Appendix A Ethical Considerations

Similar to other pre-trained language models Strubell et al. (2019), the study of Lattice-BERT inevitably involves lots of computing time/power. The incorporation of multi-granularity tokens generally introduces more computational costs than character-level PLMs Diao et al. (2020); Zhang and Li (2020). In this section, we elaborate our efforts in reducing the energy costs as well as discuss the energy comparison with the previous state-of-the-art multi-granularity Chinese PLM, Zhang and Li (2020, AMBERT).

Efforts in Reducing the Energy Costs.

In this work, our efforts in reducing the energy costs can be summarized in two folds, i.e., (1) adopting more efficient experiment procedures, and (2) reporting performances of lite-size models to encourage the followers to compare in lightweight architectures.

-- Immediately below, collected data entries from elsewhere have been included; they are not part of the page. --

(* Let $T_s>0$, $t_k=kT_s$ ($k=0,1,2,\dots$), $a\ge 0$, $\eta>0$, and let $b[k]\ge 0$ be a sequence. Let $V:[0,\infty)\to[0,\infty)$ be continuous, differentiable on each interval $(t_k,t_{k+1})$, and satisfy the functional-differential inequality $$\dot V(t)\le -2\eta V(t)+\sqrt{V(t)}\left(a\sup_{t_k\le t'\le t}\sqrt{V(t')}+b[k]\right),\qquad t_k\le t<t_{k+1},\ k=0,1,\dots$$ Let $0<\eta'<\eta$ and suppose $q<1$, where $$q=\max\left\{e^{-\eta' T_s}+\frac{a(1-e^{-\eta' T_s})}{2\eta'},\ \frac{a}{2(\eta-\eta')}\right\},\qquad r=\max\left\{\frac{1-e^{-\eta' T_s}}{2\eta'},\ \frac{1}{2(\eta-\eta')}\right\}.$$ Set $W(t)=\sqrt{V(t)}$, $W[k]=W(t_k)$, $W_0=W[0]$. Then: 1. $W[k+1]\le qW[k]+r\,b[k]$ for all $k\ge 0$; 2. $W[k]\le q^kW_0+r\sum_{i=0}^{k-1}b[i]\,q^{k-i-1}$ for all $k\ge 0$; 3. if $q<\rho<1$ and $b[k]=\frac{\rho-q}{r}W[k]$ for all $k$, then $W[k]$ decays exponentially: $W[k]\le\rho^kW_0$ for all $k\ge 0$. *)

theory Defs
  imports Complex_Main
begin

definition q_const :: "real \<Rightarrow> real \<Rightarrow> real \<Rightarrow> real \<Rightarrow> real" where
  "q_const Ts a \<eta> \<eta>' = max (exp (- \<eta>' * Ts) + a * (1 - exp (- \<eta>' * Ts)) / (2 * \<eta>'))
                            (a / (2 * (\<eta> - \<eta>')))"

definition r_const :: "real \<Rightarrow> real \<Rightarrow> real \<Rightarrow> real" where
  "r_const Ts \<eta> \<eta>' = max ((1 - exp (- \<eta>' * Ts)) / (2 * \<eta>')) (1 / (2 * (\<eta> - \<eta>')))"

end

theory Submission
  imports Defs "HOL-Analysis.Analysis"
begin

(* Write W = sqrt V.  On each sampling interval [t0, t0 + Ts] the supremum term
   of the differential inequality is frozen at S = sup W over the whole interval,
   which leaves the autonomous inequality  V' <= -2 l V + 2 l C sqrt V  for every
   rate 0 < l <= eta.  A barrier (first-crossing) argument shows that its
   solutions stay below the explicit envelope
        W(t) <= exp(-l (t - t0)) W(t0) + (1 - exp(-l (t - t0))) C.
   With l = eta this bounds S by max (W(t0), (a S + b)/(2 eta)); with l = eta'
   it bounds W(t0 + Ts).  Distinguishing whether S <= W(t0) yields the one-step
   estimate  W[k+1] <= q W[k] + r b[k]  (part 1).  Parts 2 and 3 are purely
   discrete: unrolling the linear recursion, and the feedback choice of b turning
   the recursion into  W[k+1] <= rho W[k]. *)

section \<open>A barrier principle on an interval\<close>

lemma nonpos_if_decreasing_at_zeros:
  fixes \<phi> :: "real \<Rightarrow> real"
  assumes cont: "continuous_on {t0..t2} \<phi>"
    and start: "\<phi> t0 < 0"
    and down: "\<And>s. t0 < s \<Longrightarrow> s < t2 \<Longrightarrow> \<phi> s = 0 \<Longrightarrow>
                 \<exists>D. (\<phi> has_real_derivative D) (at s) \<and> D < 0"
    and t: "t \<in> {t0..t2}"
  shows "\<phi> t \<le> 0"
proof (rule ccontr)
  assume "\<not> \<phi> t \<le> 0"
  hence pos: "\<phi> t > 0" by simp
  have cont_t: "continuous_on {t0..t} \<phi>"
    using t by (intro continuous_on_subset[OF cont]) auto
  \<comment> \<open>the first time in [t0, t] at which \<phi> is nonnegative\<close>
  define Z where "Z = {t0..t} \<inter> \<phi> -` {0..}"
  have "closed Z" unfolding Z_def by (rule continuous_closed_preimage[OF cont_t]) auto
  moreover have "bounded Z" unfolding Z_def by (rule bounded_subset[of "{t0..t}"]) auto
  ultimately have "compact Z" using compact_eq_bounded_closed by blast
  moreover have "t \<in> Z" unfolding Z_def using pos t by auto
  ultimately obtain s where sZ: "s \<in> Z" and s_min: "\<And>y. y \<in> Z \<Longrightarrow> s \<le> y"
    using compact_attains_inf[of Z] by auto
  have s: "t0 \<le> s" "s \<le> t" "\<phi> s \<ge> 0" using sZ unfolding Z_def by auto
  \<comment> \<open>by the intermediate value theorem \<phi> vanishes at this first time\<close>
  obtain x where x: "t0 \<le> x" "x \<le> s" "\<phi> x = 0"
    using IVT'[of \<phi> t0 0 s] start s continuous_on_subset[OF cont_t, of "{t0..s}"] by auto
  have "x \<in> Z" unfolding Z_def using x s by auto
  hence zero: "\<phi> s = 0" using s_min[of x] x by simp
  have "s \<noteq> t0" "s \<noteq> t" using zero start pos by auto
  hence inside: "t0 < s" "s < t2" using s t by auto
  obtain D where D: "(\<phi> has_real_derivative D) (at s)" "D < 0"
    using down[OF inside zero] by blast
  obtain d where d: "d > 0" "\<And>h. h > 0 \<Longrightarrow> h < d \<Longrightarrow> \<phi> s < \<phi> (s - h)"
    using DERIV_neg_dec_left[OF D] by blast
  \<comment> \<open>so \<phi> is already positive slightly before s, contradicting minimality\<close>
  define h where "h = min (d / 2) (s - t0)"
  have h: "0 < h" "h < d" "h \<le> s - t0" using d inside unfolding h_def by auto
  have "s - h \<in> Z" unfolding Z_def using d(2)[OF h(1,2)] zero h s by auto
  with s_min[of "s - h"] h(1) show False by simp
qed

section \<open>Comparison with an exponential envelope\<close>

(* Solutions of  V' <= -2 l V + 2 l C sqrt V  satisfy, up to any slack eps > 0,
   sqrt V(t) <= exp(-l (t - t0)) W0 + (1 - exp(-l (t - t0))) C, which is the
   solution of  W' = -l W + l C  started at W0.  The slack makes the barrier
   \<phi> = V - G^2 strictly decreasing at its zeros. *)
lemma sqrt_le_exp_envelope_eps:
  fixes V :: "real \<Rightarrow> real"
  assumes l: "l > 0" and C: "C \<ge> 0" and W0: "W0 \<ge> 0" and eps: "\<epsilon> > 0"
    and cont: "continuous_on {t0..t2} V"
    and nn: "\<And>t. t \<in> {t0..t2} \<Longrightarrow> V t \<ge> 0"
    and init: "sqrt (V t0) \<le> W0"
    and der: "\<And>t. t0 < t \<Longrightarrow> t < t2 \<Longrightarrow>
                \<exists>D. (V has_real_derivative D) (at t) \<and> D \<le> -2*l*V t + 2*l*C * sqrt (V t)"
    and t: "t \<in> {t0..t2}"
  shows "sqrt (V t) \<le> exp (-l*(t-t0)) * W0 + (1 - exp (-l*(t-t0))) * C + \<epsilon>"
proof -
  define G where "G s = exp (-l*(s-t0)) * W0 + (1 - exp (-l*(s-t0))) * C + \<epsilon>" for s
  define \<phi> where "\<phi> s = V s - (G s)^2" for s
  have G_ge: "G s \<ge> \<epsilon>" if "s \<ge> t0" for s
  proof -
    have "exp (-l*(s-t0)) \<le> 1" using that l by simp
    then show ?thesis unfolding G_def using W0 C by simp
  qed
  have "V t0 = (sqrt (V t0))^2" using nn t by simp
  also have "\<dots> \<le> W0^2" using init nn t by (intro power_mono) auto
  also have "\<dots> < (G t0)^2" unfolding G_def using W0 eps by (intro power_strict_mono) auto
  finally have start: "\<phi> t0 < 0" unfolding \<phi>_def by simp
  have cont_\<phi>: "continuous_on {t0..t2} \<phi>"
    unfolding \<phi>_def G_def by (intro continuous_intros cont)
  have down: "\<exists>D. (\<phi> has_real_derivative D) (at s) \<and> D < 0"
    if s: "t0 < s" "s < t2" and zero: "\<phi> s = 0" for s
  proof -
    obtain D where D: "(V has_real_derivative D) (at s)" "D \<le> -2*l*V s + 2*l*C * sqrt (V s)"
      using der[OF s] by blast
    have Gs: "G s \<ge> \<epsilon>" using G_ge s by simp
    have Vs: "V s = (G s)^2" using zero unfolding \<phi>_def by simp
    have sqrt_Vs: "sqrt (V s) = G s" using Vs Gs eps by simp
    have "(G has_real_derivative l * (C + \<epsilon> - G s)) (at s)"
      unfolding G_def by (auto intro!: derivative_eq_intros simp: algebra_simps)
    hence "(\<phi> has_real_derivative D - 2 * G s * (l * (C + \<epsilon> - G s))) (at s)"
      unfolding \<phi>_def[abs_def] using D(1) by (auto intro!: derivative_eq_intros)
    moreover have "D - 2 * G s * (l * (C + \<epsilon> - G s)) \<le> -2 * l * \<epsilon> * G s"
      using D(2) Gs eps unfolding sqrt_Vs Vs by (simp add: algebra_simps power2_eq_square)
    moreover have "-2 * l * \<epsilon> * G s < 0" using l eps Gs by simp
    ultimately show ?thesis by (meson le_less_trans)
  qed
  have "\<phi> t \<le> 0" by (rule nonpos_if_decreasing_at_zeros[OF cont_\<phi> start down t])
  hence "sqrt (V t) \<le> sqrt ((G t)^2)" unfolding \<phi>_def by (intro real_sqrt_le_mono) simp
  also have "\<dots> = G t" using G_ge[of t] t eps by simp
  finally show ?thesis unfolding G_def .
qed

lemma sqrt_le_exp_envelope:
  fixes V :: "real \<Rightarrow> real"
  assumes l: "l > 0" and C: "C \<ge> 0" and W0: "W0 \<ge> 0"
    and cont: "continuous_on {t0..t2} V"
    and nn: "\<And>t. t \<in> {t0..t2} \<Longrightarrow> V t \<ge> 0"
    and init: "sqrt (V t0) \<le> W0"
    and der: "\<And>t. t0 < t \<Longrightarrow> t < t2 \<Longrightarrow>
                \<exists>D. (V has_real_derivative D) (at t) \<and> D \<le> -2*l*V t + 2*l*C * sqrt (V t)"
    and t: "t \<in> {t0..t2}"
  shows "sqrt (V t) \<le> exp (-l*(t-t0)) * W0 + (1 - exp (-l*(t-t0))) * C"
  by (rule field_le_epsilon, rule sqrt_le_exp_envelope_eps[OF l C W0 _ cont nn init der t]) auto
lemma Bernstein_approximation_of_well:
  fixes F :: "real \<Rightarrow> real"
  assumes lip: "L-lipschitz_on {0..1} F" and ends: "F 1 = F 0"
    and below: "\<And>x. x \<in> {0<..<1} \<Longrightarrow> F x < F 0" and "\<epsilon> > 0"
  obtains p :: "real poly" where
    "poly p 0 = F 0" "poly p 1 = F 1" "poly (pderiv p) 0 < 0" "0 < poly (pderiv p) 1"
    "\<And>x. x \<in> {0<..<1} \<Longrightarrow> poly p x < F 0"
    "\<And>x. x \<in> {0..1} \<Longrightarrow> \<bar>F x - poly p x\<bar> < \<epsilon>"
    "\<And>x. x \<in> {0..1} \<Longrightarrow> \<bar>poly (pderiv p) x\<bar> \<le> L"
proof -
  obtain N where N: "\<And>n x. N \<le> n \<Longrightarrow> x \<in> {0..1} \<Longrightarrow>
      \<bar>F x - (\<Sum>k\<le>n. F (k / n) * Bernstein n k x)\<bar> < \<epsilon>"
    using Bernstein_Weierstrass[OF lipschitz_on_continuous_on[OF lip] \<open>\<epsilon> > 0\<close>] by blast
  define m where "m = max N 1"
  have m: "1 \<le> m" "N \<le> Suc m" by (auto simp: m_def)
  define a where "a k = F (real k / real (Suc m))" for k
  obtain p where p: "\<And>x. poly p x = (\<Sum>k\<le>Suc m. a k * Bernstein (Suc m) k x)"
    and p': "\<And>x. poly (pderiv p) x
      = (\<Sum>k\<le>m. real (Suc m) * (a (Suc k) - a k) * Bernstein m k x)"
    using Bernstein_sum_as_poly by blast
  have a_le: "a k \<le> F 0" if "k \<le> Suc m" for k
  proof (cases "k = 0 \<or> k = Suc m")
    case True
    then show ?thesis using ends by (auto simp: a_def)
  next
    case False
    then show ?thesis
      using that below[of "real k / real (Suc m)"] by (auto simp: a_def less_eq_real_def)
  qed
  have a_step: "\<bar>real (Suc m) * (a (Suc k) - a k)\<bar> \<le> L" if "k \<le> m" for k
    unfolding a_def using lipschitz_on_sample_step[OF lip, of k "Suc m"] that by simp
  have a_1: "a 1 < F 0" and a_m: "a m < F 1"
    using below[of "1 / real (Suc m)"] below[of "real m / real (Suc m)"] ends m
    by (auto simp: a_def)
  show thesis
  proof
    show "poly p 0 = F 0" "poly p 1 = F 1"
      by (simp_all add: p sum_Bernstein_at_0 sum_Bernstein_at_1 a_def)
    show "poly (pderiv p) 0 < 0" "0 < poly (pderiv p) 1"
      using a_1 a_m ends
      by (simp_all add: p' sum_Bernstein_at_0 sum_Bernstein_at_1 a_def mult_less_0_iff)
    show "poly p x < F 0" if "x \<in> {0<..<1}" for x
      unfolding p using a_le a_1 m that by (intro Bernstein_sum_less[of _ _ _ 1]) auto
    show "\<bar>F x - poly p x\<bar> < \<epsilon>" if "x \<in> {0..1}" for x
      using N[OF m(2) that] by (simp add: p a_def)
    show "\<bar>poly (pderiv p) x\<bar> \<le> L" if "x \<in> {0..1}" for x
      unfolding p' using a_step that by (rule abs_Bernstein_sum_le)
  qed
qed
(* For all integers $n\ge0$, $k\ge1$ and all $0\le\beta\le\alpha$, $$\sum_{i=1}^{k}F_{ni}(\alpha,\beta)=\int_\beta^\alpha\!\!\int_0^\beta\bar\lambda\sum_{i=1}^{k}F_{(n-1)i}(\eta,\sigma)\,d\sigma\,d\eta+4\int_\beta^\alpha\!\!\int_0^\beta\frac{\eta\sigma}{(\eta^2-\sigma^2)^2}F_{n(k-1)}(\eta,\sigma)\,d\sigma\,d\eta.$$
   Context: Let $\bar\lambda\ge0$. For integers $n,k\ge0$ and $0\le\beta<\alpha$, $F_{nk}(\alpha,\beta)=\frac{\bar\lambda^{n+1}\alpha^n\beta^n}{n!(n+1)!}(\alpha-\beta)\frac{\log^k\left(\frac{\alpha+\beta}{\alpha-\beta}\right)}{k!}$, extended continuously by $0$ on the diagonal $\alpha=\beta$; $F_{nk}\equiv0$ if $n<0$ or $k<0$. *)

theory Defs
  imports "HOL-Analysis.Analysis"
begin

text \<open>Defined by the paper's formula for 0 <= beta < alpha, as 0 on the diagonal
  (continuous extension) and for negative indices; set to 0 elsewhere (convention,
  never used by the statement).\<close>
definition F :: "real \<Rightarrow> int \<Rightarrow> int \<Rightarrow> real \<Rightarrow> real \<Rightarrow> real" where
  "F lam n k a b =
     (if n < 0 \<or> k < 0 then 0
      else if 0 \<le> b \<and> b < a then
        lam ^ (nat n + 1) * a ^ nat n * b ^ nat n / (fact (nat n) * fact (nat n + 1))
        * (a - b) * (ln ((a + b) / (a - b))) ^ nat k / fact (nat k)
      else 0)"

end

theory Submission
  imports Defs
begin

text \<open>
  Put \<open>L = ln ((a + b) / (a - b))\<close>. The partial sum \<open>F\<^sub>N\<^sub>1 + \<dots> + F\<^sub>N\<^sub>K\<close> is
  \<open>F_coeff lam N * Phi N K a b\<close> with \<open>Phi N K a b = a ^ N * b ^ N * (a - b) * (exp_poly (K + 1) L - 1)\<close>,
  where \<open>exp_poly m\<close> is the exponential series truncated after \<open>m\<close> terms. The integrand on the
  right-hand side is exactly \<open>F_coeff lam N\<close> times the mixed partial derivative of \<open>Phi N K\<close>:
  differentiating in \<open>b\<close> produces the factor \<open>4ab / (a\<^sup>2 - b\<^sup>2)\<^sup>2\<close> in front of the top term
  \<open>L ^ (K - 1) / (K - 1)!\<close>, and all other terms collapse to \<open>N (N + 1) * Phi (N - 1) K\<close>, which matches
  \<open>lam * F_coeff lam (N - 1) = N (N + 1) * F_coeff lam N\<close>. The double integral is then evaluated by the
  fundamental theorem of calculus twice: in \<open>\<sigma>\<close>, where the first partial derivative vanishes at
  \<open>b = 0\<close>, and in \<open>\<eta>\<close>, where \<open>Phi\<close> vanishes on the diagonal. Continuity of \<open>Phi\<close> up to the
  diagonal, where \<open>L\<close> blows up, comes from \<open>exp_poly m x \<le> 2 ^ m * exp (x / 2)\<close>, which gives
  \<open>(a - b) * (exp_poly (K + 1) L - 1) \<le> 2 ^ (K + 1) * sqrt (a\<^sup>2 - b\<^sup>2)\<close>.
\<close>

section \<open>Integrability\<close>

lemma bounded_continuous_integrable_on_Icc:
  fixes f :: "real \<Rightarrow> real"
  assumes "continuous_on {a<..<b} f" and "\<And>x. x \<in> {a<..<b} \<Longrightarrow> \<bar>f x\<bar> \<le> C"
  shows "f integrable_on {a..b}"
proof -
  have "f \<in> borel_measurable (lebesgue_on {a<..<b})"
    by (rule continuous_imp_measurable_on_sets_lebesgue[OF assms(1)]) simp
  moreover have "(\<lambda>_. C) integrable_on {a<..<b}"
    by (simp add: integrable_const_ivl flip: integrable_on_Icc_iff_Ioo)
  ultimately have "f integrable_on {a<..<b}"
    using assms(2) by (rule measurable_bounded_by_integrable_imp_integrable_real) simp_all
  then show ?thesis by (simp add: integrable_on_Icc_iff_Ioo)
qed

lemma integral_add_mult_eq:
  fixes f g :: "'a::euclidean_space \<Rightarrow> real"
  assumes "((\<lambda>x. f x + c * g x) has_integral I) S" and "f integrable_on S" and "c \<noteq> 0"
  shows "integral S f + c * integral S g = I"
proof -
  have "(\<lambda>x. ((f x + c * g x) - f x) / c) integrable_on S"
    using assms by (intro integrable_on_divide integrable_diff) auto
  then have "g integrable_on S" using assms(3) by simp
  then have "integral S (\<lambda>x. f x + c * g x) = integral S f + c * integral S g"
    using assms(2) by (simp add: integral_add integrable_on_mult_right)
  with assms(1) show ?thesis by (simp add: integral_unique)
qed

section \<open>Truncated exponential series\<close>

definition exp_poly :: "nat \<Rightarrow> real \<Rightarrow> real" where
  "exp_poly m x = (\<Sum>i<m. x ^ i / fact i)"

lemma exp_poly_Suc: "exp_poly (Suc m) x = exp_poly m x + x ^ m / fact m"
  by (simp add: exp_poly_def)

lemma exp_poly_Suc_0 [simp]: "exp_poly (Suc m) 0 = 1"
  by (induction m) (simp_all add: exp_poly_Suc, simp add: exp_poly_def)

lemma sum_power_div_fact_eq_exp_poly: "(\<Sum>i=1..m. x ^ i / fact i) = exp_poly (Suc m) x - 1"
proof -
  have "{..<Suc m} = insert 0 {1..m}" by auto
  then show ?thesis by (simp add: exp_poly_def)
qed

lemma exp_poly_ge_1: "0 \<le> x \<Longrightarrow> 1 \<le> exp_poly (Suc m) x"
  for x :: real
proof -
  assume "0 \<le> x"
  then have "0 \<le> (\<Sum>i=1..m. x ^ i / fact i)" by (intro sum_nonneg) auto
  then show ?thesis unfolding sum_power_div_fact_eq_exp_poly by simp
qed

lemma exp_poly_le_exp: "0 \<le> x \<Longrightarrow> exp_poly m x \<le> exp x"
  using sum_le_suminf[of "\<lambda>i. x ^ i /\<^sub>R fact i" "{..<m}"] exp_converges[of x]
  by (simp add: exp_poly_def sums_iff divide_inverse_commute)

lemma exp_poly_le_exp_half: "0 \<le> x \<Longrightarrow> exp_poly m x \<le> 2 ^ m * exp (x / 2)"
proof -
  assume x: "0 \<le> x"
  have "exp_poly m x = (\<Sum>i<m. 2 ^ i * ((x / 2) ^ i / fact i))"
    unfolding exp_poly_def by (simp add: power_divide)
  also have "\<dots> \<le> (\<Sum>i<m. 2 ^ m * ((x / 2) ^ i / fact i))"
    using x by (intro sum_mono mult_right_mono power_increasing) auto
  also have "\<dots> = 2 ^ m * exp_poly m (x / 2)"
    by (simp add: exp_poly_def sum_distrib_left)
  also have "\<dots> \<le> 2 ^ m * exp (x / 2)"
    using exp_poly_le_exp[of "x / 2" m] x by simp
  finally show ?thesis .
qed

lemma has_real_derivative_exp_poly_Suc: "(exp_poly (Suc m) has_real_derivative exp_poly m x) (at x)"
proof (induction m)
  case 0
  show ?case by (simp add: exp_poly_def)
next
  case (Suc m)
  have "((\<lambda>x. x ^ Suc m / fact (Suc m)) has_real_derivative x ^ m / fact m) (at x)"
    by (rule DERIV_cong[OF DERIV_cdivide[OF DERIV_pow]]) (simp add: fact_Suc)
  from DERIV_add[OF Suc.IH this] show ?case
    by (simp only: exp_poly_Suc[abs_def])
qed

lemma has_real_derivative_exp_poly_Suc_comp [derivative_intros]:
  "(f has_real_derivative f') (at x within S) \<Longrightarrow>
   ((\<lambda>x. exp_poly (Suc m) (f x)) has_real_derivative exp_poly m (f x) * f') (at x within S)"
  using DERIV_chain2[OF has_real_derivative_exp_poly_Suc] .

lemma continuous_on_exp_poly [continuous_intros]:
  "continuous_on S f \<Longrightarrow> continuous_on S (\<lambda>x. exp_poly m (f x))"
  unfolding exp_poly_def by (intro continuous_intros) auto

section \<open>The function Phi and its partial derivatives\<close>

lemma square_diff_square_eq: "x\<^sup>2 - y\<^sup>2 = (x + y) * (x - y)"
  for x y :: "'a::comm_ring_1"
  by (simp add: power2_eq_square algebra_simps)

definition log_ratio :: "real \<Rightarrow> real \<Rightarrow> real" where
  "log_ratio a b = ln (a + b) - ln (a - b)"

lemma log_ratio_nonneg: "0 \<le> b \<Longrightarrow> b < a \<Longrightarrow> 0 \<le> log_ratio a b"
  by (simp add: log_ratio_def)

lemma log_ratio_0 [simp]: "0 < a \<Longrightarrow> log_ratio a 0 = 0"
  by (simp add: log_ratio_def)

lemma diff_mult_exp_half_log_ratio:
  assumes "\<bar>b\<bar> < a"
  shows "(a - b) * exp (log_ratio a b / 2) = sqrt (a\<^sup>2 - b\<^sup>2)"
proof -
  have "exp (log_ratio a b / 2) * exp (log_ratio a b / 2) = (a + b) / (a - b)"
    using assms by (simp add: log_ratio_def exp_diff flip: exp_add)
  then have "((a - b) * exp (log_ratio a b / 2))\<^sup>2 = a\<^sup>2 - b\<^sup>2"
    using assms by (simp add: power2_eq_square square_diff_square_eq field_simps)
  then show ?thesis
    using assms by (intro real_sqrt_unique[symmetric]) auto
qed

lemma has_real_derivative_log_ratio_fst:
  assumes "\<bar>b\<bar> < a"
  shows "((\<lambda>a. log_ratio a b) has_real_derivative - 2 * b / (a\<^sup>2 - b\<^sup>2)) (at a)"
proof -
  have "0 < a + b" "0 < a - b" using assms by auto
  then show ?thesis unfolding log_ratio_def
    by (auto intro!: derivative_eq_intros simp: field_simps power2_eq_square)
qed

lemma has_real_derivative_log_ratio_snd:
  assumes "\<bar>b\<bar> < a"
  shows "((\<lambda>b. log_ratio a b) has_real_derivative 2 * a / (a\<^sup>2 - b\<^sup>2)) (at b)"
proof -
  have "0 < a + b" "0 < a - b" using assms by auto
  then show ?thesis unfolding log_ratio_def
    by (auto intro!: derivative_eq_intros simp: field_simps power2_eq_square)
qed

definition Phi :: "nat \<Rightarrow> nat \<Rightarrow> real \<Rightarrow> real \<Rightarrow> real" where
  "Phi N K a b = a ^ N * b ^ N * (a - b) * (exp_poly (Suc K) (log_ratio a b) - 1)"

definition Phi_da :: "nat \<Rightarrow> nat \<Rightarrow> real \<Rightarrow> real \<Rightarrow> real" where
  "Phi_da N K a b =
     (real N * a ^ (N - 1) * b ^ N * (a - b) + a ^ N * b ^ N) * (exp_poly (Suc K) (log_ratio a b) - 1)
     - 2 * a ^ N * b ^ Suc N / (a + b) * exp_poly K (log_ratio a b)"

definition Phi_dab :: "nat \<Rightarrow> nat \<Rightarrow> real \<Rightarrow> real \<Rightarrow> real" where
  "Phi_dab N j a b = real N * real (Suc N) * Phi (N - 1) (Suc j) a b
     + 4 * a * b / (a\<^sup>2 - b\<^sup>2)\<^sup>2 * (a ^ N * b ^ N * (a - b)) * log_ratio a b ^ j / fact j"

lemma has_real_derivative_Phi_fst:
  assumes "\<bar>b\<bar> < a"
  shows "((\<lambda>a. Phi N K a b) has_real_derivative Phi_da N K a b) (at a)"
proof -
  \<comment> \<open>\<open>field_simps\<close> multiplies out \<open>(a + b) * (a - b)\<close>, so its positivity is needed in that form.\<close>
  have pos: "0 < a + b" "0 < a - b" "0 < a * a - b * b"
    using assms by (auto simp: square_diff_square_factored)
  have "((\<lambda>a. a ^ N * b ^ N * (a - b)) has_real_derivative
          real N * a ^ (N - 1) * b ^ N * (a - b) + a ^ N * b ^ N) (at a)"
    by (auto intro!: derivative_eq_intros)
  from DERIV_mult[OF this DERIV_diff[OF
         has_real_derivative_exp_poly_Suc_comp[OF has_real_derivative_log_ratio_fst[OF assms]] DERIV_const]]
  show ?thesis unfolding Phi_def
    by (rule DERIV_cong)
      (use pos in \<open>simp add: Phi_da_def square_diff_square_eq field_simps\<close>)
qed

From the perspective of experiment procedures, we adopt the mixed-precision arithmetic methods to speed up pre-training. We also utilize the two-phase pre-training procedures (Devlin et al., 2019, BERT), where the model processes smaller sequence lengths in 90% steps (See Appendix C.1). In downstream tasks, we search the learning rates with relatively larger strides with heuristic strategies to avoid pointless attempts (See Appendix C.2). We adopt ablation studies in lite-size. The lightweight architecture with six-layer models and 128-character inputs could save much power comparing with training the full-length base-size models repeatedly.

From the perspective of reporting strategies, we report the performance of base-size models together with lite-size models. As far as we know, all previous Chinese PLMs only report base- or large-size settings Wei et al. (2019); Diao et al. (2020); Sun et al. (2020); Cui et al. (2020); Zhang and Li (2020). Thus, the followers have to implement at least a 12-layer pre-training model to make a fair comparison. This reporting of lite-size performances facilitate the followers to fast validate in lite-settings by directly comparing with our LBERT-lite and BERT-our-lite. For the text classification and sequence labeling tasks, we use the model trained with 128-sequence length. Thus the followers could make a fair comparison with our methods without pre-training a full-length model (See Appendix C.2). Specifically, the 128-length LBERT-lite model (33M parameters) only costs 3.8 days pre-training with 8 ×\times NVIDIA V100 16G cards, 1/4 of the original base-size Google-BERT model.888We estimate the pre-training cost of Google-BERT according to Table-3 in Strubell et al. (2019). In conclusion, by reporting the performances of lite-size models, we encourage followers to compare with our models with less computational costs.

Energy Comparison.

We make the energy comparison between LBERT and the previous state-of-the-art multi-granularity Chinese PLM, Zhang and Li (2020, AMBERT), from the following perspectives: (1) How many computational costs are introduced to process the additional coarse-grained word-level inputs in pre-training. (2) How many additional parameters are introduced by the word-level vocabulary comparing with vanilla fine-grained Chinese PLMs.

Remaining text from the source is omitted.